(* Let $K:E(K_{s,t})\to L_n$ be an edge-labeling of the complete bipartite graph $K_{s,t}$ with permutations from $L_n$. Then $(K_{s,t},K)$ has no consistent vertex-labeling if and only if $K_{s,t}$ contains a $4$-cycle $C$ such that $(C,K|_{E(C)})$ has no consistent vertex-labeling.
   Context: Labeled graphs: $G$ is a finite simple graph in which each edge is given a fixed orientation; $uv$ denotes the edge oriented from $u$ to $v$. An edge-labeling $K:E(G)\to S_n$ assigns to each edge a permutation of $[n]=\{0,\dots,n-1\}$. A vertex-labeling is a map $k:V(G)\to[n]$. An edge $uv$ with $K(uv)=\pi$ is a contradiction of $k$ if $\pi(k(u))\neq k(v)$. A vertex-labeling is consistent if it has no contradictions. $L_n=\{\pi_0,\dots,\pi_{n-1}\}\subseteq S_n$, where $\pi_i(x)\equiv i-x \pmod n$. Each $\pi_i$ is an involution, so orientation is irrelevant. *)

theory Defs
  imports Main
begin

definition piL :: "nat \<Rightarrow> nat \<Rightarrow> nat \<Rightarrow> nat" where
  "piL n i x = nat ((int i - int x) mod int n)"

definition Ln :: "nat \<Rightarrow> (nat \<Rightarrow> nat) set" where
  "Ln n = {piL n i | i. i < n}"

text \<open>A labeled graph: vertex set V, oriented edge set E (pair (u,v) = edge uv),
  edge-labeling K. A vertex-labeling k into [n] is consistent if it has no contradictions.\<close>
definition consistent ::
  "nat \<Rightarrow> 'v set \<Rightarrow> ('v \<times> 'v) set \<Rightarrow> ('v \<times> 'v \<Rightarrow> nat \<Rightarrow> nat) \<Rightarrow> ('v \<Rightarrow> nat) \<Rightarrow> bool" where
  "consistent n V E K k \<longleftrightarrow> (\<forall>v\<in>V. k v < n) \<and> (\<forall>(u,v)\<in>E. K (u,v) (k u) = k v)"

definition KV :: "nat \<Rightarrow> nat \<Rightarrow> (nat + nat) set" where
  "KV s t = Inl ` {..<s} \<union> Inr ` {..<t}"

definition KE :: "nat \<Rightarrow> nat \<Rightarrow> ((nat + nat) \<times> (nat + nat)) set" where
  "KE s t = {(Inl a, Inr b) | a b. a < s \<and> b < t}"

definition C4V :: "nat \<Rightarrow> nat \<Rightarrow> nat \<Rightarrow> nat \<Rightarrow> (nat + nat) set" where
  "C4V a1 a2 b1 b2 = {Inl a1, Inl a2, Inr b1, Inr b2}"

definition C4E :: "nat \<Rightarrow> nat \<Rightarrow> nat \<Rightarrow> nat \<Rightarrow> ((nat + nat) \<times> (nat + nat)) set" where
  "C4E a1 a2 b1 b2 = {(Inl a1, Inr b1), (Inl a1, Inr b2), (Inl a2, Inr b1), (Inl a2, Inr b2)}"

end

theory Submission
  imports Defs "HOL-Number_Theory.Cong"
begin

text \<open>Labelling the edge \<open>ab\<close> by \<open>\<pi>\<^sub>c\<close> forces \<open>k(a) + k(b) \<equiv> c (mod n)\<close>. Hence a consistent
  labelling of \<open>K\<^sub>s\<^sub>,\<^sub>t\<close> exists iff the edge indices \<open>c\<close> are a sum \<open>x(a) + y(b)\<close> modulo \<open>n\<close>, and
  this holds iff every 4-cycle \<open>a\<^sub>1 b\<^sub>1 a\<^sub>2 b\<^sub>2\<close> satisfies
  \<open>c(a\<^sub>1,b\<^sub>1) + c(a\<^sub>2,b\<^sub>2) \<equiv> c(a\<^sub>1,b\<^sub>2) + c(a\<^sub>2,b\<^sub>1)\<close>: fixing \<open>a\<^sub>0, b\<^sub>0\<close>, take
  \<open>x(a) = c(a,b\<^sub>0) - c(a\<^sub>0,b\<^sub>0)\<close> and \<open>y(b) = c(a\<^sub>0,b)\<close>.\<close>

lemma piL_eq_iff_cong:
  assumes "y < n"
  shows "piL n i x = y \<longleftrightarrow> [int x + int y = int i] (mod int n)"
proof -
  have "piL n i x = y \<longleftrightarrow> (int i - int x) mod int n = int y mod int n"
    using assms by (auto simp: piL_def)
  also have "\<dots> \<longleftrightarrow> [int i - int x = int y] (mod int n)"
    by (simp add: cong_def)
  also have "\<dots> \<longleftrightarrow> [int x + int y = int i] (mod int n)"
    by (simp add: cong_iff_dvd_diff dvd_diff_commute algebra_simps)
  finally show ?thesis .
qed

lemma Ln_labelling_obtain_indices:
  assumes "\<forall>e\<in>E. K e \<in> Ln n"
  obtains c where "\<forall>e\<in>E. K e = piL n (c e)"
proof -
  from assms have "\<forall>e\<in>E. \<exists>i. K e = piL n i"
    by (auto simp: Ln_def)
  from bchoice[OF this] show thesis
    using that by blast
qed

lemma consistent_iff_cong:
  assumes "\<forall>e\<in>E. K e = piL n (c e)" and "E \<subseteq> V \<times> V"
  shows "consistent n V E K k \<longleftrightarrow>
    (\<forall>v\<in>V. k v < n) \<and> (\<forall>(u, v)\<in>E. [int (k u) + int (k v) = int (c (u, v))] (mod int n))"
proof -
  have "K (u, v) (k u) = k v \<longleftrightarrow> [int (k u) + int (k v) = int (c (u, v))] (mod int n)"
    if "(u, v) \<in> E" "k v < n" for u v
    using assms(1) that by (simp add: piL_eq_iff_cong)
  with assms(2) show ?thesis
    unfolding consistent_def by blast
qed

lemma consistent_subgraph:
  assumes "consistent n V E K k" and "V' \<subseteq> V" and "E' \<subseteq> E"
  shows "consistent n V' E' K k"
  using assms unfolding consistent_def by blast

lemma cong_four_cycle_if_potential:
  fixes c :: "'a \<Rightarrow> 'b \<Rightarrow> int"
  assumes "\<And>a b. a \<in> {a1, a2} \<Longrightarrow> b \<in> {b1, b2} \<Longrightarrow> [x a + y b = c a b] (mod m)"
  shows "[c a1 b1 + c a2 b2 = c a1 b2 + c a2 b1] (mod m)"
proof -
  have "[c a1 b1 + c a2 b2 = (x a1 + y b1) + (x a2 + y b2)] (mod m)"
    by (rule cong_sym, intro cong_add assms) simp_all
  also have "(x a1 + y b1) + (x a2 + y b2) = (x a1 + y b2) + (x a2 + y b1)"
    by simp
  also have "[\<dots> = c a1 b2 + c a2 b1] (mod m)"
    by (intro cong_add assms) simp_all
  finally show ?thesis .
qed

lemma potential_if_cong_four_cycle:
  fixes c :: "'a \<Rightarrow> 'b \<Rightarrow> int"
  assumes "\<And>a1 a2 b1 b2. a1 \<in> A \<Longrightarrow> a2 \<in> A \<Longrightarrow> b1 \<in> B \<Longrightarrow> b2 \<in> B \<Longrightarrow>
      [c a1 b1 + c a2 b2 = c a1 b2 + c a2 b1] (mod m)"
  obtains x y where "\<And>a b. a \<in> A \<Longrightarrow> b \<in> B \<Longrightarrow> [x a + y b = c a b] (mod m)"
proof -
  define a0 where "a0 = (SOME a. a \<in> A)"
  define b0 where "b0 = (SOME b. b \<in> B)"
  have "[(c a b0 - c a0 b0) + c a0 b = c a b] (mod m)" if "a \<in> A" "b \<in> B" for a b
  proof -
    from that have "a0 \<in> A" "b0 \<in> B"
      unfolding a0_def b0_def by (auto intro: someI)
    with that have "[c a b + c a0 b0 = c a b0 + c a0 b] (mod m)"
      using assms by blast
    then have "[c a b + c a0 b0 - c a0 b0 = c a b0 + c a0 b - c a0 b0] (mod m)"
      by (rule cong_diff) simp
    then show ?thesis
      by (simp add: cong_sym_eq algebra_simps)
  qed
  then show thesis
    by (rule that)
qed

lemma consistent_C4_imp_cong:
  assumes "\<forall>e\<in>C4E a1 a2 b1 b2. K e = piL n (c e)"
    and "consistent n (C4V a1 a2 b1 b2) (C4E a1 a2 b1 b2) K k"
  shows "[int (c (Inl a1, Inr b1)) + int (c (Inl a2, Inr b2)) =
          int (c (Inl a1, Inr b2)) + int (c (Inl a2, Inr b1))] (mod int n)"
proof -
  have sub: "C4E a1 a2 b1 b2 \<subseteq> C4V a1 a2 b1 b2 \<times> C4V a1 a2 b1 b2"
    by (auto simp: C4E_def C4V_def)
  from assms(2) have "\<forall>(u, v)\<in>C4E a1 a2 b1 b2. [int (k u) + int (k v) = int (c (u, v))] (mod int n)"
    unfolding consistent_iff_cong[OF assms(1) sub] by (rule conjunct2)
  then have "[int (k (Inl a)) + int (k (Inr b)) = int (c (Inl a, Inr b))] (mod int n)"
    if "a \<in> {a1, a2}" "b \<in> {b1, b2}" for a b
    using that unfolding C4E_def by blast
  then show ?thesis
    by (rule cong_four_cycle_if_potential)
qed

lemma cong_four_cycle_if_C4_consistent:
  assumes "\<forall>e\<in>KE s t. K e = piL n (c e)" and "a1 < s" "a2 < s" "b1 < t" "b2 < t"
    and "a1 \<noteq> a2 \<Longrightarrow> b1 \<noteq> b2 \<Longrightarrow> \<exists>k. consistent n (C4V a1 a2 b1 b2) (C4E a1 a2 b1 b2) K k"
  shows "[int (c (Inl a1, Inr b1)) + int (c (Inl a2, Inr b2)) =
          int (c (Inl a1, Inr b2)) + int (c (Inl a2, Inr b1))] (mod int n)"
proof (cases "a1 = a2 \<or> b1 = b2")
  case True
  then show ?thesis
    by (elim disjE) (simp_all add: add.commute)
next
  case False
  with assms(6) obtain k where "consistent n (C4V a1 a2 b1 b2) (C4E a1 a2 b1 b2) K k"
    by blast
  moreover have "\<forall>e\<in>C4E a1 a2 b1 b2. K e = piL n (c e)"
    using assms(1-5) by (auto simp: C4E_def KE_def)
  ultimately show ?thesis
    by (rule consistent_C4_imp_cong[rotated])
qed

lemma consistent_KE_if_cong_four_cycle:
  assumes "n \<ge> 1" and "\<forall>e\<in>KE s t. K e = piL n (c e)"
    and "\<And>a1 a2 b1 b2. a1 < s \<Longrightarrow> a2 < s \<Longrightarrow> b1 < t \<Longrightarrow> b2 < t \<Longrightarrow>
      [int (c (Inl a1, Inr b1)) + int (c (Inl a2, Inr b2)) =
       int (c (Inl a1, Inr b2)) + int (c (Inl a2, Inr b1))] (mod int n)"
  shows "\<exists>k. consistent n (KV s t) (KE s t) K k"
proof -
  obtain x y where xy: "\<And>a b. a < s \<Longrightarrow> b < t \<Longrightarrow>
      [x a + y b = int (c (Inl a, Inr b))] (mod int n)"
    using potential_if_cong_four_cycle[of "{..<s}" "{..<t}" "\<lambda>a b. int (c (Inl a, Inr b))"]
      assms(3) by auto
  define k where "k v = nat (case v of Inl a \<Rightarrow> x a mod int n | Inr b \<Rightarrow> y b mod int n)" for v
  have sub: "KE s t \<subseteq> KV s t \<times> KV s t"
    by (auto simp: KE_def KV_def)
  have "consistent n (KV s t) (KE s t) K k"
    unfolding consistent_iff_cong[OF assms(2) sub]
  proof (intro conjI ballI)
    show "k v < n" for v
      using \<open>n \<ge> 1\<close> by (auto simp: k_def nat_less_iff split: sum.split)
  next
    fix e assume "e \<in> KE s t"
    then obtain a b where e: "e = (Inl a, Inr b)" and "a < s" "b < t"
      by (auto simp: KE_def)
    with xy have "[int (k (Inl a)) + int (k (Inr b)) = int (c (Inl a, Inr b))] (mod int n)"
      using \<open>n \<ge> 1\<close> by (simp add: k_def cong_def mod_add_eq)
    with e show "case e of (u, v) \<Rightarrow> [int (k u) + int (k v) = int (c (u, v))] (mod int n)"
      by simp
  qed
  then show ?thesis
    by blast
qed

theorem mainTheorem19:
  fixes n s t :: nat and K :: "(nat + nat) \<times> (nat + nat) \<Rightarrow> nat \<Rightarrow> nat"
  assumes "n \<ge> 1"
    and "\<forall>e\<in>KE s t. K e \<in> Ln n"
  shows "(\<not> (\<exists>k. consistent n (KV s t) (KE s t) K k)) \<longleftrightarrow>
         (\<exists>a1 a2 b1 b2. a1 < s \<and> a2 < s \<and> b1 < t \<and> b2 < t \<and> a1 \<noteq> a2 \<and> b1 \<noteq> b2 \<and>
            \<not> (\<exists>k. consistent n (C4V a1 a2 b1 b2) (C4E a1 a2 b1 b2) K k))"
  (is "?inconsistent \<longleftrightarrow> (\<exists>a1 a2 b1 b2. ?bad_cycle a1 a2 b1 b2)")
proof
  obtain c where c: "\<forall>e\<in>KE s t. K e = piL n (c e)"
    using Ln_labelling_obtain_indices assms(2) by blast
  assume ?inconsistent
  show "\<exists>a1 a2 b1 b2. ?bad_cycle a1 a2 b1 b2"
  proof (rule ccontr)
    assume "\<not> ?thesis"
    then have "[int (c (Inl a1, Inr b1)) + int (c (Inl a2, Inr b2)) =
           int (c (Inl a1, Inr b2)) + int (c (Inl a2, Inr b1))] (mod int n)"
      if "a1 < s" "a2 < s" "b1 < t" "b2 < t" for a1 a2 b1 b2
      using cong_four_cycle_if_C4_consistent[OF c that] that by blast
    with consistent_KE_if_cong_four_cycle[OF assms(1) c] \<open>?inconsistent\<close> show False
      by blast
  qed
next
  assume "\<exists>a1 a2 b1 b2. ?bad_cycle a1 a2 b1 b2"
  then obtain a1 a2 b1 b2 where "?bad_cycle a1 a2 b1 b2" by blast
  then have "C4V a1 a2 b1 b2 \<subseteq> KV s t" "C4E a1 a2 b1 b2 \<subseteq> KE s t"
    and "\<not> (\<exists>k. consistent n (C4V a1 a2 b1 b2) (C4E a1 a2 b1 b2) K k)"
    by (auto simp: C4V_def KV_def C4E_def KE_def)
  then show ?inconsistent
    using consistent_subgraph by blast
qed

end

--

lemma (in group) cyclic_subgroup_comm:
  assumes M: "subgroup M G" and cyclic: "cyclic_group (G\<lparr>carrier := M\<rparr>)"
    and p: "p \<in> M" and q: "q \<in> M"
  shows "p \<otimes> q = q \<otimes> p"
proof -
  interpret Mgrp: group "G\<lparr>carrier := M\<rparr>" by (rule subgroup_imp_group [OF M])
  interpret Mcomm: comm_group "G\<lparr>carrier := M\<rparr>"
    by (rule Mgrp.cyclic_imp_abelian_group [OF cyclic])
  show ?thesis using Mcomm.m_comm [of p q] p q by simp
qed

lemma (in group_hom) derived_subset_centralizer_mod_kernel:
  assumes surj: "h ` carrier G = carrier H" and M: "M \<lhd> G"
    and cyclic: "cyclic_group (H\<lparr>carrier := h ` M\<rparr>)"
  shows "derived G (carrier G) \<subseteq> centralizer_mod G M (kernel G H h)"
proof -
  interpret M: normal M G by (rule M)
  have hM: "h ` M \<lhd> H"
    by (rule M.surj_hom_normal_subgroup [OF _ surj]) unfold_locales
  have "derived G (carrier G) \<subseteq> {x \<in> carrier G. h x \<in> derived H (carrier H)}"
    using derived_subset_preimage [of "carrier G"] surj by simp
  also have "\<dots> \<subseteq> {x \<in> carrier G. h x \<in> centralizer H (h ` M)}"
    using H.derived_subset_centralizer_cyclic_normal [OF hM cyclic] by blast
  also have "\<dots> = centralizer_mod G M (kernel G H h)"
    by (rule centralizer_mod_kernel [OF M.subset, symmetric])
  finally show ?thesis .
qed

# Task requirements:
Read the data above and pull out each line that holds the string "labeling".

# Answer for the task:
(* Let $K:E(K_{s,t})\to L_n$ be an edge-labeling of the complete bipartite graph $K_{s,t}$ with permutations from $L_n$. Then $(K_{s,t},K)$ has no consistent vertex-labeling if and only if $K_{s,t}$ contains a $4$-cycle $C$ such that $(C,K|_{E(C)})$ has no consistent vertex-labeling.
   Context: Labeled graphs: $G$ is a finite simple graph in which each edge is given a fixed orientation; $uv$ denotes the edge oriented from $u$ to $v$. An edge-labeling $K:E(G)\to S_n$ assigns to each edge a permutation of $[n]=\{0,\dots,n-1\}$. A vertex-labeling is a map $k:V(G)\to[n]$. An edge $uv$ with $K(uv)=\pi$ is a contradiction of $k$ if $\pi(k(u))\neq k(v)$. A vertex-labeling is consistent if it has no contradictions. $L_n=\{\pi_0,\dots,\pi_{n-1}\}\subseteq S_n$, where $\pi_i(x)\equiv i-x \pmod n$. Each $\pi_i$ is an involution, so orientation is irrelevant. *)
  edge-labeling K. A vertex-labeling k into [n] is consistent if it has no contradictions.\<close>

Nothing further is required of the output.